I absolutely do not have to admire that.
I absolutely do not have to admire that.
Coincidentally, Lonely Master was 2/3 of my high school nickname.
The thing is, you can regain your swagger playing Chinese basketball, but you lose all your confidence again an hour later.
Show us how it’s done, NZ.
To everyone who uses the old argument about viewership and ad revenue, I watch the exact same amount of men’s soccer and women’s soccer. So there.
to be honest, Bartolo looks pretty good in a Padres uni
I don’t even know where to start from cause I’m still in surprise, what! a powerful spiritual man is herbal doctor Idumebolo.
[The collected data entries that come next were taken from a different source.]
lemma potential_minus_mart_ge:
  assumes w: "w \<in> bounded_set K L"
  shows "potential n w - mart K n w \<ge> drift L n - (2 * B + 1) * (\<Sum>k<n. (alpha k w - 1/2)^2)"
proof (induction n)
  case 0
  have "potential 0 w \<ge> 0"
    using w l_0_pos[of w] by (simp add: potential_def bounded_set_def)
  then show ?case by (simp add: mart_def drift_def)
next
  case (Suc n)
  have wM: "w \<in> space M" and L: "l 0 w \<le> real L"
    using w by (auto simp: bounded_set_def)
  have "(\<Sum>j\<le>n. (alpha j w - 1/2)^2) \<le> K"
    using w unfolding bounded_set_def lessThan_Suc_atMost[symmetric] by blast
  then have "active K n w = 1"
    by (simp add: active_def)
  then have mart_Suc: "mart K (Suc n) w = mart K n w + coef n w * (xi n w - f (alpha n w))"
    by (simp add: mart_def)
  have "1 / (4 * (real L + 1 + real n)) \<le> 1 / (4 * (l n w + 1))"
    using l_eq[OF wM, of n] l_pos[OF wM, of n] L by (intro divide_left_mono) auto
  then show ?case
    using Suc.IH potential_step[OF wM, of n] by (simp add: mart_Suc drift_def algebra_simps)
qed

lemma weighted_drift_le_on_bounded_set:
  assumes w: "w \<in> bounded_set K L"
  shows "(\<Sum>n<T. (drift L n - (2 * B + 1) * K - \<bar>mart K n w\<bar>) / (real L + 1 + real n)) \<le> K"
proof -
  have wM: "w \<in> space M" and sums: "\<And>n. (\<Sum>k<n. (alpha k w - 1/2)^2) \<le> K"
    using w by (auto simp: bounded_set_def)
  have "(drift L n - (2 * B + 1) * K - \<bar>mart K n w\<bar>) / (real L + 1 + real n) \<le> (alpha n w - 1/2)^2"
    for n
  proof -
    have "(2 * B + 1) * (\<Sum>k<n. (alpha k w - 1/2)^2) \<le> (2 * B + 1) * K"
      using sums slope_nonneg by (intro mult_left_mono) auto
    then have "drift L n - (2 * B + 1) * K - \<bar>mart K n w\<bar> \<le> potential n w"
      using potential_minus_mart_ge[OF w, of n] by linarith
    also have "\<dots> \<le> (real L + 1 + real n) * (alpha n w - 1/2)^2"
      unfolding potential_def using l_eq[OF wM, of n] w
      by (intro mult_right_mono) (auto simp: bounded_set_def)
    finally show ?thesis
      by (simp add: pos_divide_le_eq mult.commute)
  qed
  then have "(\<Sum>n<T. (drift L n - (2 * B + 1) * K - \<bar>mart K n w\<bar>) / (real L + 1 + real n))
      \<le> (\<Sum>n<T. (alpha n w - 1/2)^2)"
    by (rule sum_mono)
  also have "\<dots> \<le> K" by (rule sums)
  finally show ?thesis .
qed

lemma measure_bounded_set_le:
  assumes "K \<ge> 0"
  shows "measure M (bounded_set K L) * ((\<Sum>n<T. (drift L n - (2 * B + 1) * K) / (real L + 1 + real n)) - K)
         \<le> (1 + 4 * K) / 2 * (\<Sum>n<T. 1 / (real L + 1 + real n))"
proof -
  define R where "R = (\<Sum>n<T. (drift L n - (2 * B + 1) * K) / (real L + 1 + real n))"
  define Y where "Y w = (\<Sum>n<T. \<bar>mart K n w\<bar> / (real L + 1 + real n))" for w
  have int_Y: "integrable M (\<lambda>w. \<bar>mart K n w\<bar> / (real L + 1 + real n))" for n
  proof (rule integrable_bounded[where C="real n"])
    fix w assume "w \<in> space M"
    moreover have "\<bar>mart K n w\<bar> / (real L + 1 + real n) \<le> \<bar>mart K n w\<bar>"
      by (simp add: divide_le_eq mult_le_cancel_left1)
    ultimately show "\<bar>\<bar>mart K n w\<bar> / (real L + 1 + real n)\<bar> \<le> real n"
      using mart_abs_le[of w K n] by simp
  qed simp
  have "indicator (bounded_set K L) w * (R - K) \<le> Y w" for w
  proof (cases "w \<in> bounded_set K L")
    case True
    have "(\<Sum>n<T. (drift L n - (2 * B + 1) * K - \<bar>mart K n w\<bar>) / (real L + 1 + real n)) = R - Y w"
      by (simp add: R_def Y_def sum_subtractf diff_divide_distrib)
    then show ?thesis
      using weighted_drift_le_on_bounded_set[OF True, of T] True by simp
  qed (simp add: Y_def sum_nonneg)
  moreover have "integrable M Y"
    unfolding Y_def by (rule Bochner_Integration.integrable_sum) (rule int_Y)
  moreover have "integrable M (\<lambda>w. indicator (bounded_set K L) w * (R - K))"
    by (intro integrable_bounded[where C="\<bar>R - K\<bar>"]) (auto simp: indicator_def)
  ultimately have "(\<integral>w. indicator (bounded_set K L) w * (R - K) \<partial>M) \<le> (\<integral>w. Y w \<partial>M)"
    by (intro integral_mono)
  also have "(\<integral>w. Y w \<partial>M) = (\<Sum>n<T. (\<integral>w. \<bar>mart K n w\<bar> \<partial>M) / (real L + 1 + real n))"
    using int_Y by (simp add: Y_def Bochner_Integration.integral_sum)
  also have "\<dots> \<le> (\<Sum>n<T. (1 + 4 * K) / 2 / (real L + 1 + real n))"
    using integral_mart_abs_le[OF assms] by (intro sum_mono divide_right_mono) auto
  finally show ?thesis
    by (simp add: R_def sum_distrib_left)
qed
I have been in a relationship with my boyfriend (Nicole) for 7 years but all of a sudden inside last year October 15th a day I won’t ever forget, my boyfriend broke up with me on this faithful…
Donkey Doug.
Rob Manfred: [looks at 14,000-person crowd at Chase Field to see the 14-30 Diamondbacks play next June] Baseball is in decline because of the shift.
Eventually, the header image will have all its background faded away, leaving nothing but a screaming, reddened face floating against the void, cruel and uncaring, a swollen gaseous giant bursting under its own enormous mass, and on that day, the Raiders will still have Gruden employed because hahaha holy shit did…
You’d think the emcee/guy in a tuxedo on stage wouldn’t require an event bracelet like he’s going to the aquarium.
Looking forward to Jezebel at the Deadspin awards again this year
May Bendall and Jezspin both last forevs.
Well, I’m gonna go there.
Did you google, “What would Mark Davis’s haircut look like on a big red ass?” to find that picture?
‘Oceans are small’ was the only way Melania could help convince Donald that his dinghy was really a yacht.
Thibs will get his revenge tonight by playing Butler for just 46 minutes.
Deadspin: Come for the unique sports insights, stay for the weirdos who notice shit like this
Jaylen Brown’s face is uncannily symetrical.